Fonds mondial d’urgence : les donateurs doivent agir

Publié le : 1 Mars 2006

A une semaine du lancement officiel du Fonds mondial d’urgence par Kofi Annan, Secrétaire général des Nations unies, jeudi prochain, cinq des principaux pays donateurs ne se sont pas engagés pour son financement.

A une semaine du lancement officiel du Fonds mondial d’urgence par Kofi Annan, Secrétaire général des Nations unies, jeudi prochain, cinq des principaux pays donateurs ne se sont pas engagés pour son financement. Oxfam International a déclaré aujourd’hui que les Etats-Unis, le Japon, l’Australie, l’Italie et le Canada n’ont pas engagé le moindre cent dans le Fonds central de réponse d’urgence (Central Emergency Response Fund- CERF). Malgré qu’elle soit l’un des pays les plus riches du monde, la France lui a accordé à peine plus d’un million de dollars. À titre de comparaison, des pays plus pauvres comme le Mexique, Grenade et le Sri Lanka ont tous participé au fonds.

Le Fonds mondial d’urgence permettra d’assurer une réaction rapide aux urgences, sauvant potentiellement des milliers de vie en rendant possible des actions endéans 72 heures, plutôt que d’avoir à attendre que l’ONU puisse récolter des fonds à chaque nouvelle crise. Le nouveau CERF a été approuvé formellement au cours de l’Assemblée Général de décembre et sera lancé à New York jeudi 9 mars.

Sarah Kline, Conseillère politique d’Oxfam, a déclaré que le fonds pourrait aider à la fois pour les catastrophes imprévues et aussi fournir de l’argent aux crises oubliées comme celle du Tchad auxquelles les gouvernements donateurs adéquats ne prêtent ni fonds, ni attention.

« Le fonds pourrait aider à sauver des vies dans des crises comme celles de l’Ouganda et du Tchad qui n’en font pas pour autant l’antenne du monde », affirme Sarah Kline. « Il pourrait très largement aider à résoudre les disputes continues et récurrentes à propos des dons d’argent en faveur des catastrophes naturelles et des conflits oubliés ».
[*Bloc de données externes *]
lemma AE_convergent_of_fast_L2_increments:
  fixes g :: "nat \<Rightarrow> 'b \<Rightarrow> real"
  assumes [measurable]: "\<And>j. g j \<in> borel_measurable N"
    and fast: "\<And>j. (\<integral>\<^sup>+x. ennreal ((g (Suc j) x - g j x)\<^sup>2) \<partial>N) \<le> ennreal ((1/8)^j)"
  shows "AE x in N. convergent (\<lambda>j. g j x)"
proof -
  define G where "G x = (\<Sum>j. ennreal (2^j * (g (Suc j) x - g j x)\<^sup>2))" for x
  have "(\<integral>\<^sup>+x. G x \<partial>N) = (\<Sum>j. \<integral>\<^sup>+x. ennreal (2^j * (g (Suc j) x - g j x)\<^sup>2) \<partial>N)"
    unfolding G_def by (rule nn_integral_suminf) measurable
  also have "\<dots> \<le> (\<Sum>j. ennreal ((1/4)^j))"
  proof (intro suminf_le allI)
    fix j
    have "(\<integral>\<^sup>+x. ennreal (2^j * (g (Suc j) x - g j x)\<^sup>2) \<partial>N)
        = ennreal (2^j) * (\<integral>\<^sup>+x. ennreal ((g (Suc j) x - g j x)\<^sup>2) \<partial>N)"
      by (simp add: ennreal_mult nn_integral_cmult)
    also have "\<dots> \<le> ennreal (2^j) * ennreal ((1/8)^j)"
      using fast[of j] by (intro mult_left_mono) auto
    also have "\<dots> = ennreal ((1/4)^j)"
      by (simp add: ennreal_mult[symmetric] power_mult_distrib[symmetric])
    finally show "(\<integral>\<^sup>+x. ennreal (2^j * (g (Suc j) x - g j x)\<^sup>2) \<partial>N) \<le> ennreal ((1/4)^j)" .
  qed auto
  also have "\<dots> = ennreal (\<Sum>j. (1/4)^j)"
    by (rule suminf_ennreal2) (auto intro: summable_geometric)
  finally have "AE x in N. G x \<noteq> \<infinity>"
    by (intro nn_integral_PInf_AE) (auto simp: G_def top_unique)
  then show ?thesis
  proof eventually_elim
    case (elim x)
    then have "summable (\<lambda>j. 2^j * (g (Suc j) x - g j x)\<^sup>2)"
      by (intro summable_suminf_not_top) (auto simp: G_def)
    then show ?case by (rule convergent_of_summable_weighted_square_increments)
  qed
qed

lemma L2_Cauchy_imp_AE_convergent_subseq:
  fixes f :: "nat \<Rightarrow> 'b \<Rightarrow> real"
  assumes [measurable]: "\<And>n. f n \<in> borel_measurable N"
    and square_integrable: "\<And>n. integrable N (\<lambda>x. (f n x)\<^sup>2)"
    and Cauchy: "\<And>e. 0 < e \<Longrightarrow> \<exists>n0. \<forall>n\<ge>n0. \<forall>k\<ge>n0. (\<integral>x. (f n x - f k x)\<^sup>2 \<partial>N) < e"
  shows "\<exists>r. strict_mono r \<and> (AE x in N. (\<lambda>n. f (r n) x) \<longlonglongrightarrow> lim (\<lambda>n. f (r n) x))
           \<and> integrable N (\<lambda>x. (lim (\<lambda>n. f (r n) x))\<^sup>2)
           \<and> (\<lambda>n. \<integral>x. (f (r n) x - lim (\<lambda>n. f (r n) x))\<^sup>2 \<partial>N) \<longlonglongrightarrow> 0"
proof -
  obtain r where r: "strict_mono r"
    and fast: "\<And>j k. j \<le> k \<Longrightarrow> (\<integral>x. (f (r j) x - f (r k) x)\<^sup>2 \<partial>N) < (1/8)^j"
    using Cauchy_imp_fast_subseq[of "\<lambda>n k. \<integral>x. (f n x - f k x)\<^sup>2 \<partial>N" "\<lambda>j. (1/8)^j"] Cauchy
    by auto
  define v where "v x = lim (\<lambda>n. f (r n) x)" for x
  have nn_fast: "(\<integral>\<^sup>+x. ennreal ((f (r j) x - f (r k) x)\<^sup>2) \<partial>N) \<le> ennreal ((1/8)^j)"
    if "j \<le> k" for j k
    using fast[OF that] integrable_square_diff[OF _ _ square_integrable square_integrable]
    by (subst nn_integral_eq_integral) (auto intro: ennreal_leI)
  have "AE x in N. convergent (\<lambda>n. f (r n) x)"
    by (rule AE_convergent_of_fast_L2_increments) (use nn_fast in \<open>auto simp: power2_commute\<close>)
  then have lim: "AE x in N. (\<lambda>n. f (r n) x) \<longlonglongrightarrow> v x"
    by eventually_elim (simp add: v_def convergent_LIMSEQ_iff)
  have [measurable]: "v \<in> borel_measurable N" unfolding v_def by measurable
  have "(\<integral>\<^sup>+x. ennreal ((f (r n) x - v x)\<^sup>2) \<partial>N) \<le> ennreal ((1/8)^n)" for n
    by (rule nn_integral_square_dist_AE_limit_le[where f = "\<lambda>k. f (r k)", OF _ lim nn_fast]) simp_all
  then have dist_integrable: "integrable N (\<lambda>x. (f (r n) x - v x)\<^sup>2)"
    and dist_le: "(\<integral>x. (f (r n) x - v x)\<^sup>2 \<partial>N) \<le> (1/8)^n" for n
    using integrable_integral_le_of_nn_integral_le[of "\<lambda>x. (f (r n) x - v x)\<^sup>2" N "(1/8)^n"] by auto
  have "integrable N (\<lambda>x. (f (r 0) x - (f (r 0) x - v x))\<^sup>2)"
    using square_integrable dist_integrable by (rule integrable_square_diff[rotated 2]) auto
  moreover have "(\<lambda>n. \<integral>x. (f (r n) x - v x)\<^sup>2 \<partial>N) \<longlonglongrightarrow> 0"
  proof (rule real_tendsto_sandwich[of "\<lambda>n. 0" _ _ "\<lambda>n. (1/8)^n"])
    show "(\<lambda>n. (1/8::real)^n) \<longlonglongrightarrow> 0" by (rule LIMSEQ_power_zero) simp
  qed (simp_all add: dist_le)
  ultimately have "strict_mono r \<and> (AE x in N. (\<lambda>n. f (r n) x) \<longlonglongrightarrow> v x)
      \<and> integrable N (\<lambda>x. (v x)\<^sup>2) \<and> (\<lambda>n. \<integral>x. (f (r n) x - v x)\<^sup>2 \<partial>N) \<longlonglongrightarrow> 0"
    using r lim by simp
  then show ?thesis unfolding v_def by blast
qed
lemma dual_minimizer_from_bounded_minimizing_seq:
  assumes feas: "\<forall>n. feasible (F n) (G n)"
    and bounded: "\<forall>n. norm (G n) \<le> R \<and> (\<forall>k i. \<bar>F n k $ i\<bar> \<le> R)"
    and minimizing: "\<forall>n. dual (F n) (G n) \<le> ereal (m + 1 / real (Suc n))"
    and lower: "\<forall>f g. feasible f g \<longrightarrow> ereal m \<le> dual f g"
  shows "\<exists>f g. dual_minimizer f g"
proof -
  obtain r fs gs where r: "strict_mono r" and F_lim: "\<forall>k. (\<lambda>n. F (r n) k) \<longlonglongrightarrow> fs k"
    and G_lim: "(\<lambda>n. G (r n)) \<longlonglongrightarrow> gs"
    using bounded_sequences_convergent_subseq[of F R G] bounded by blast
  have "feasible fs gs" using feasible_limit[OF _ F_lim G_lim] feas by blast
  moreover have "dual fs gs \<le> ereal m"
  proof (rule dual_limit_le[OF F_lim G_lim])
    show "\<forall>n. dual (F (r n)) (G (r n)) \<le> ereal (m + 1 / real (Suc (r n)))"
      using minimizing by blast
    have "(\<lambda>n. 1 / real (Suc (r n))) \<longlonglongrightarrow> 0"
      using LIMSEQ_subseq_LIMSEQ[OF LIMSEQ_inverse_real_of_nat r] by (simp add: o_def inverse_eq_divide)
    then show "(\<lambda>n. m + 1 / real (Suc (r n))) \<longlonglongrightarrow> m"
      using tendsto_add[OF tendsto_const, of _ 0 sequentially m] by simp
  qed
  ultimately show ?thesis using lower by (meson order_trans)
qed

lemma dual_attained: "\<exists>f g. dual_minimizer f g"
proof -
  define m where "m = (INF fg\<in>{(f, g). feasible f g}. dual (fst fg) (snd fg))"
  have m_le: "m \<le> dual f g" if "feasible f g" for f g
    unfolding m_def using that by (intro INF_lower2[of "(f, g)"]) auto
  have "m < \<infinity>" using dual_finite_feasible_exists m_le by (meson le_less_trans)
  moreover have "- ereal (primal uniform_dist) \<le> m"
    unfolding m_def using weak_duality[OF _ uniform_dist_prob_simplex] by (intro INF_greatest) auto
  ultimately obtain mr where mr: "m = ereal mr" by (cases m) auto
  have "\<exists>fg. feasible (fst fg) (snd fg) \<and> (\<forall>k. fst fg k \<bullet> uniform_dist = - (snd fg \<bullet> A uniform_dist))
      \<and> dual (fst fg) (snd fg) \<le> ereal (mr + 1 / real (Suc n))" for n
  proof -
    have "m < ereal (mr + 1 / real (Suc n))" using mr by simp
    then obtain f g where fg: "feasible f g" "dual f g < ereal (mr + 1 / real (Suc n))"
      unfolding m_def INF_less_iff by auto
    obtain f' where "feasible f' g" "dual f' g = dual f g"
      "\<forall>k. f' k \<bullet> uniform_dist = - (g \<bullet> A uniform_dist)"
      using dual_normalize[OF fg(1)] .
    then show ?thesis using fg(2) by (intro exI[of _ "(f', g)"]) simp
  qed
  then obtain seq where seq: "\<forall>n. feasible (fst (seq n)) (snd (seq n))
      \<and> (\<forall>k. fst (seq n) k \<bullet> uniform_dist = - (snd (seq n) \<bullet> A uniform_dist))
      \<and> dual (fst (seq n)) (snd (seq n)) \<le> ereal (mr + 1 / real (Suc n))"
    using choice[of "\<lambda>n fg. feasible (fst fg) (snd fg)
      \<and> (\<forall>k. fst fg k \<bullet> uniform_dist = - (snd fg \<bullet> A uniform_dist))
      \<and> dual (fst fg) (snd fg) \<le> ereal (mr + 1 / real (Suc n))"] by blast
  obtain R where R: "\<forall>f g. feasible f g \<and> (\<forall>k. f k \<bullet> uniform_dist = - (g \<bullet> A uniform_dist))
      \<and> dual f g \<le> ereal (mr + 1) \<longrightarrow> norm g \<le> R \<and> (\<forall>k i. \<bar>f k $ i\<bar> \<le> R)"
    using dual_normalized_sublevel_bounded by blast
  have "ereal (mr + 1 / real (Suc n)) \<le> ereal (mr + 1)" for n by simp
  then have "dual (fst (seq n)) (snd (seq n)) \<le> ereal (mr + 1)" for n
    using seq by (blast intro: order_trans)
  then have "\<forall>n. norm (snd (seq n)) \<le> R \<and> (\<forall>k i. \<bar>fst (seq n) k $ i\<bar> \<le> R)"
    using R seq by blast
  then show ?thesis
    using dual_minimizer_from_bounded_minimizing_seq[of "\<lambda>n. fst (seq n)" "\<lambda>n. snd (seq n)" R mr]
      seq m_le unfolding mr by blast
qed

end

theorem mainTheorem7:
  fixes eps :: real and C :: "real^'n^'n" and b :: "'k::finite \<Rightarrow> real^'n"
    and lam :: "'k \<Rightarrow> real" and A :: "real^'n \<Rightarrow> real^'p" and J :: "real^'p \<Rightarrow> real"
  assumes eps_pos: "eps > 0"
    and b_simplex: "\<forall>k. b k \<in> prob_simplex"
    and lam_pos: "\<forall>k. lam k > 0"
    and lam_sum: "(\<Sum>k\<in>UNIV. lam k) = 1"
    and A_lin: "linear A"
    and J_convex: "convex_on UNIV J"
  shows "(\<exists>a0\<in>prob_simplex. \<forall>a\<in>prob_simplex. primal_obj eps C b lam A J a0 \<le> primal_obj eps C b lam A J a)
       \<and> ereal (Inf (primal_obj eps C b lam A J ` prob_simplex))
           = - (INF fg\<in>{(f, g). dual_feasible lam A f g}. dual_obj eps C b lam J (fst fg) (snd fg))
       \<and> (\<forall>f g. dual_feasible lam A f g
              \<and> (\<forall>f' g'. dual_feasible lam A f' g' \<longrightarrow> dual_obj eps C b lam J f g \<le> dual_obj eps C b lam J f' g')
            \<longrightarrow> (\<exists>a. (\<forall>k. (F_b_conj eps C (b k) has_derivative (\<lambda>h. a \<bullet> h)) (at (f k)))
                    \<and> a \<in> prob_simplex
                    \<and> (\<forall>a'\<in>prob_simplex. primal_obj eps C b lam A J a \<le> primal_obj eps C b lam A J a')))"
proof -
  interpret entropic_barycenter eps C b lam A J
    using assms by (rule entropic_barycenter.intro)
  obtain fs gs where opt: "dual_minimizer fs gs" using dual_attained by blast
  then obtain a where a: "a \<in> prob_simplex" "\<forall>a'\<in>prob_simplex. primal a \<le> primal a'"
    and gap: "dual fs gs = - ereal (primal a)"
    using dual_minimizer_solves_primal by blast
  have "Inf (primal ` prob_simplex) = primal a"
    using a by (intro cInf_eq_minimum) auto
  moreover have "(INF fg\<in>{(f, g). feasible f g}. dual (fst fg) (snd fg)) = dual fs gs"
    using opt by (intro antisym INF_lower2[of "(fs, gs)"] INF_greatest) auto
  moreover have "\<exists>a. (\<forall>k. (F_b_conj eps C (b k) has_derivative (\<lambda>h. a \<bullet> h)) (at (f k)))
      \<and> a \<in> prob_simplex \<and> (\<forall>a'\<in>prob_simplex. primal a \<le> primal a')"
    if fg: "dual_minimizer f g" for f g
  proof -
    obtain a where marg: "\<forall>k. marginal k (f k) = a" and "a \<in> prob_simplex"
      "\<forall>a'\<in>prob_simplex. primal a \<le> primal a'"
      using dual_minimizer_solves_primal[OF fg] by blast
    moreover have "(F_b_conj eps C (b k) has_derivative (\<lambda>h. a \<bullet> h)) (at (f k))" for k
      using F_b_conj_has_derivative[OF eps_pos b_simplex[rule_format, of k], of C "f k"] marg by simp
    ultimately show ?thesis by blast
  qed
  ultimately show ?thesis using a gap by auto
qed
« Les gouvernements se sont engagés à répondre rapidement et efficacement pour aider ceux qui en ont le plus besoin, mais maintenant qu’un fonds mondial d’urgence existe, ils semblent rechigner à y mettre de l’argent », ajoute-t-elle.

Oxfam s’est servi de l’exemple du Tchad pour illustrer un cas d’urgence oublié et que le Fonds mondial d’urgence pourrait aider. Le Tchad souffre des conséquences de l’entrée massive de 200 000 réfugiés en provenance du Darfour voisin, et a donc besoin de recevoir une aide internationale pour les provisions en eau, les installations sanitaires, la santé, l’éducation et les programmes alimentaires. Malgré cela, l’appel humanitaire lancé par les Nations unies n’a reçu que 55% des fonds requis en 2005 : soit à peine 125 millions de dollars des 227 millions requis. Le Fonds mondial d’urgence pourrait contribuer à combler ce vide.
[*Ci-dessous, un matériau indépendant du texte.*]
lemma vnorm_transition_features_le:
  assumes V: "\<forall>s'<2. 0 \<le> V s' \<and> V s' \<le> 1" and "0 < m"
  shows "vnorm (Suc m) (\<lambda>i. \<Sum>s'<2. transition_features (1 / (2 * sqrt m)) s a s' i * V s') \<le> 1"
proof -
  let ?\<kappa> = "1 / (2 * sqrt m)"
  have coord0: "(\<Sum>s'<2. transition_features ?\<kappa> s a s' 0 * V s') = (V 0 + V 1) / 2"
    by (simp add: transition_features_def numeral_2_eq_2 field_simps)
  have coord_Suc: "(\<Sum>s'<2. transition_features ?\<kappa> s a s' (Suc i) * V s')\<^sup>2 = ?\<kappa>\<^sup>2 * (V 1 - V 0)\<^sup>2"
    for i
  proof -
    have "(\<Sum>s'<2. transition_features ?\<kappa> s a s' (Suc i) * V s') = ?\<kappa> * bit_sign (bit a i) *
      (V 1 - V 0)"
      by (simp add: transition_features_def numeral_2_eq_2 algebra_simps diff_divide_distrib)
    then show ?thesis
      by (simp add: power_mult_distrib power_divide)
  qed
  have "(\<Sum>i<Suc m. (\<Sum>s'<2. transition_features ?\<kappa> s a s' i * V s')\<^sup>2)
      = ((V 0 + V 1) / 2)\<^sup>2 + real m * ?\<kappa>\<^sup>2 * (V 1 - V 0)\<^sup>2"
    unfolding sum.lessThan_Suc_shift coord0 coord_Suc by simp
  also have "?\<kappa>\<^sup>2 = 1 / (4 * m)"
    by (simp add: power_divide power_mult_distrib)
  also have "((V 0 + V 1) / 2)\<^sup>2 + real m * (1 / (4 * m)) * (V 1 - V 0)\<^sup>2 = ((V 0)\<^sup>2 + (V 1)\<^sup>2) / 2"
    using \<open>0 < m\<close> by (simp add: power2_eq_square field_simps)
  also have "\<dots> \<le> 1"
    using V power_le_one[of "V 0" 2] power_le_one[of "V 1" 2] by simp
  finally show ?thesis
    unfolding vnorm_def by simp
qed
Les gouvernements (parmi lesquels le Royaume-Uni, la Suède, la Norvège, les Pays-Bas, l’Irlande, la Suisse, le Danemark, la Finlande et le Luxembourg) ont promis au CERF un montant total s’élevant à seulement 118 millions de dollars. Oxfam International estime à un milliard de dollars le fonds nécessaire pour permettre à l’ONU d’assurer une réponse immédiate aux catastrophes futures. Depuis plusieurs années, cette somme d’un milliard correspond à l’écart existant entre les besoins humanitaires mondiaux et les donations qui ont été effectivement versées.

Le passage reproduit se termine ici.